■ Task instructions: Count every line below in which "where" occurs, then give only the count.

Saved entries:
++++++++++

lemma distr_component_uniform_measure_density:
  fixes I :: "'i set"
  assumes I: "finite I" "k \<in> I" and w[measurable]: "w \<in> borel_measurable (PiM I (\<lambda>_. lborel))"
    and A[measurable]: "A \<in> sets (PiM (I - {k}) (\<lambda>_. lborel))"
  defines "M \<equiv> density (PiM I (\<lambda>_. lborel)) w" and "E \<equiv> off_component_event I k A"
  shows "distr (uniform_measure M E) lborel (\<lambda>\<omega>. \<omega> k)
       = density lborel (\<lambda>y. marginal_density I k w A y / emeasure M E)"
proof (rule measure_eqI)
  fix B assume "B \<in> sets (distr (uniform_measure M E) lborel (\<lambda>\<omega>. \<omega> k))"
  then have B[measurable]: "B \<in> sets borel" by simp
  have E[measurable]: "E \<in> sets M" unfolding M_def E_def using sets_off_component_event[OF A] by simp
  have [measurable]: "marginal_density I k w A \<in> borel_measurable borel"
    using borel_measurable_marginal_density[OF I w A] by simp
  have component[measurable]: "(\<lambda>\<omega>. \<omega> k) \<in> measurable (uniform_measure M E) lborel"
    unfolding M_def using I(2) by (simp add: measurable_cong_sets[OF sets_uniform_measure refl])
  have "emeasure (distr (uniform_measure M E) lborel (\<lambda>\<omega>. \<omega> k)) B
      = emeasure M (E \<inter> {\<omega> \<in> space (PiM I (\<lambda>_. lborel)). \<omega> k \<in> B}) / emeasure M E"
  proof -
    have "{\<omega> \<in> space (PiM I (\<lambda>_. lborel)). \<omega> k \<in> B} \<in> sets M"
      unfolding M_def using I(2) by measurable
    moreover have "(\<lambda>\<omega>. \<omega> k) -` B \<inter> space (uniform_measure M E) = {\<omega> \<in> space (PiM I (\<lambda>_. lborel)). \<omega> k \<in> B}"
      by (auto simp: M_def)
    ultimately show ?thesis
      by (simp add: emeasure_distr[OF component] emeasure_uniform_measure[OF E])
  qed
  also have "\<dots> = (\<integral>\<^sup>+y. marginal_density I k w A y * indicator B y \<partial>lborel) * inverse (emeasure M E)"
    unfolding M_def E_def divide_ennreal_def
    by (subst emeasure_density_off_component_event_Int[OF I w A B]) simp
  also have "\<dots> = (\<integral>\<^sup>+y. marginal_density I k w A y / emeasure M E * indicator B y \<partial>lborel)"
    by (subst nn_integral_multc[symmetric]) (measurable, simp add: divide_ennreal_def ac_simps)
  also have "\<dots> = emeasure (density lborel (\<lambda>y. marginal_density I k w A y / emeasure M E)) B"
    unfolding divide_ennreal_def by (subst emeasure_density) (auto intro!: borel_measurable_times)
  finally show "emeasure (distr (uniform_measure M E) lborel (\<lambda>\<omega>. \<omega> k)) B
      = emeasure (density lborel (\<lambda>y. marginal_density I k w A y / emeasure M E)) B" .
qed simp

lemma marginal_density_le:
  fixes I :: "'i set" and S :: "real set" and w :: "('i \<Rightarrow> real) \<Rightarrow> ennreal"
  assumes I: "finite I" "k \<in> I" and S: "S \<in> sets borel"
    and bound: "\<And>\<omega>. w \<omega> \<le> c" and support: "\<And>\<omega>. \<omega> \<notin> Pi I (\<lambda>_. S) \<Longrightarrow> w \<omega> = 0"
  shows "marginal_density I k w A y \<le> c * emeasure lborel S ^ card (I - {k})"
proof -
  interpret product_sigma_finite "\<lambda>_::'i. lborel :: real measure" by standard
  have "marginal_density I k w A y
      \<le> (\<integral>\<^sup>+u. c * indicator (PiE (I - {k}) (\<lambda>_. S)) u \<partial>PiM (I - {k}) (\<lambda>_. lborel))"
    unfolding marginal_density_def
  proof (rule nn_integral_mono)
    fix u :: "'i \<Rightarrow> real" assume u: "u \<in> space (PiM (I - {k}) (\<lambda>_. lborel))"
    show "w (u(k := y)) * indicator A u \<le> c * indicator (PiE (I - {k}) (\<lambda>_. S)) u"
    proof (cases "u \<in> PiE (I - {k}) (\<lambda>_. S)")
      case True
      then show ?thesis using bound[of "u(k := y)"] by (auto simp: indicator_def)
    next
      case False
      then have "u(k := y) \<notin> Pi I (\<lambda>_. S)"
        using u by (auto simp: space_PiM PiE_def Pi_def)
      then show ?thesis by (simp add: support)
    qed
  qed
  also have "\<dots> = c * emeasure lborel S ^ card (I - {k})"
    using I S by (simp add: nn_integral_cmult_indicator sets_PiM_I_finite emeasure_PiM)
  finally show ?thesis .
qed

lemma conditional_component_density:
  fixes I :: "'i set" and S :: "real set"
  assumes I: "finite I" "k \<in> I" and w[measurable]: "w \<in> borel_measurable (PiM I (\<lambda>_. lborel))"
    and A[measurable]: "A \<in> sets (PiM (I - {k}) (\<lambda>_. lborel))"
    and bound: "\<And>\<omega>. w \<omega> \<le> c" "c \<noteq> \<infinity>"
    and support: "\<And>\<omega>. \<omega> \<notin> Pi I (\<lambda>_. S) \<Longrightarrow> w \<omega> = 0" "S \<in> sets borel" "emeasure lborel S \<noteq> \<infinity>"
  defines "M \<equiv> density (PiM I (\<lambda>_. lborel)) w" and "E \<equiv> off_component_event I k A"
  assumes E: "emeasure M E \<noteq> 0"
  shows "\<exists>h. distributed (uniform_measure M E) lborel (\<lambda>\<omega>. \<omega> k) (\<lambda>y. ennreal (h y)) \<and>
             (\<forall>y. 0 \<le> h y) \<and> (\<forall>x y. (\<forall>u. w (u(k := y)) \<le> w (u(k := x))) \<longrightarrow> h y \<le> h x)"
proof -
  define D where "D = marginal_density I k w A"
  have "D y \<noteq> \<infinity>" for y
    using marginal_density_le[where w=w and c=c and A=A and y=y, OF I support(2) bound(1) support(1)]
      bound(2) support(3)
    by (auto simp: D_def top_unique ennreal_mult_eq_top_iff power_eq_top_ennreal)
  then have finite: "D y / emeasure M E \<noteq> \<infinity>" for y
    using E by (simp add: ennreal_divide_eq_top_iff)
  have [measurable]: "D \<in> borel_measurable borel"
    using borel_measurable_marginal_density[OF I w A] by (simp add: D_def)
  have "(\<lambda>\<omega>. \<omega> k) \<in> measurable (uniform_measure M E) lborel"
    unfolding M_def using I(2) by (simp add: measurable_cong_sets[OF sets_uniform_measure refl])
  moreover have "distr (uniform_measure M E) lborel (\<lambda>\<omega>. \<omega> k) = density lborel (\<lambda>y. D y / emeasure M E)"
    unfolding M_def E_def D_def by (rule distr_component_uniform_measure_density[OF I w A])
  moreover have "(\<lambda>y. ennreal (enn2real (D y / emeasure M E))) = (\<lambda>y. D y / emeasure M E)"
    using finite by (simp add: ennreal_enn2real_if)
  moreover have "enn2real (D y / emeasure M E) \<le> enn2real (D x / emeasure M E)"
    if "\<forall>u. w (u(k := y)) \<le> w (u(k := x))" for x y
  proof -
    have "D y \<le> D x"
      unfolding D_def marginal_density_def using that by (intro nn_integral_mono mult_right_mono) auto
    then show ?thesis
      using finite[of x] by (intro enn2real_mono divide_right_mono_ennreal) (auto simp: top.not_eq_extremum)
  qed
  ultimately show ?thesis
    by (intro exI[of _ "\<lambda>y. enn2real (D y / emeasure M E)"]) (simp add: distributed_def)
qed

++++++++++

■ Solution to the problem: 2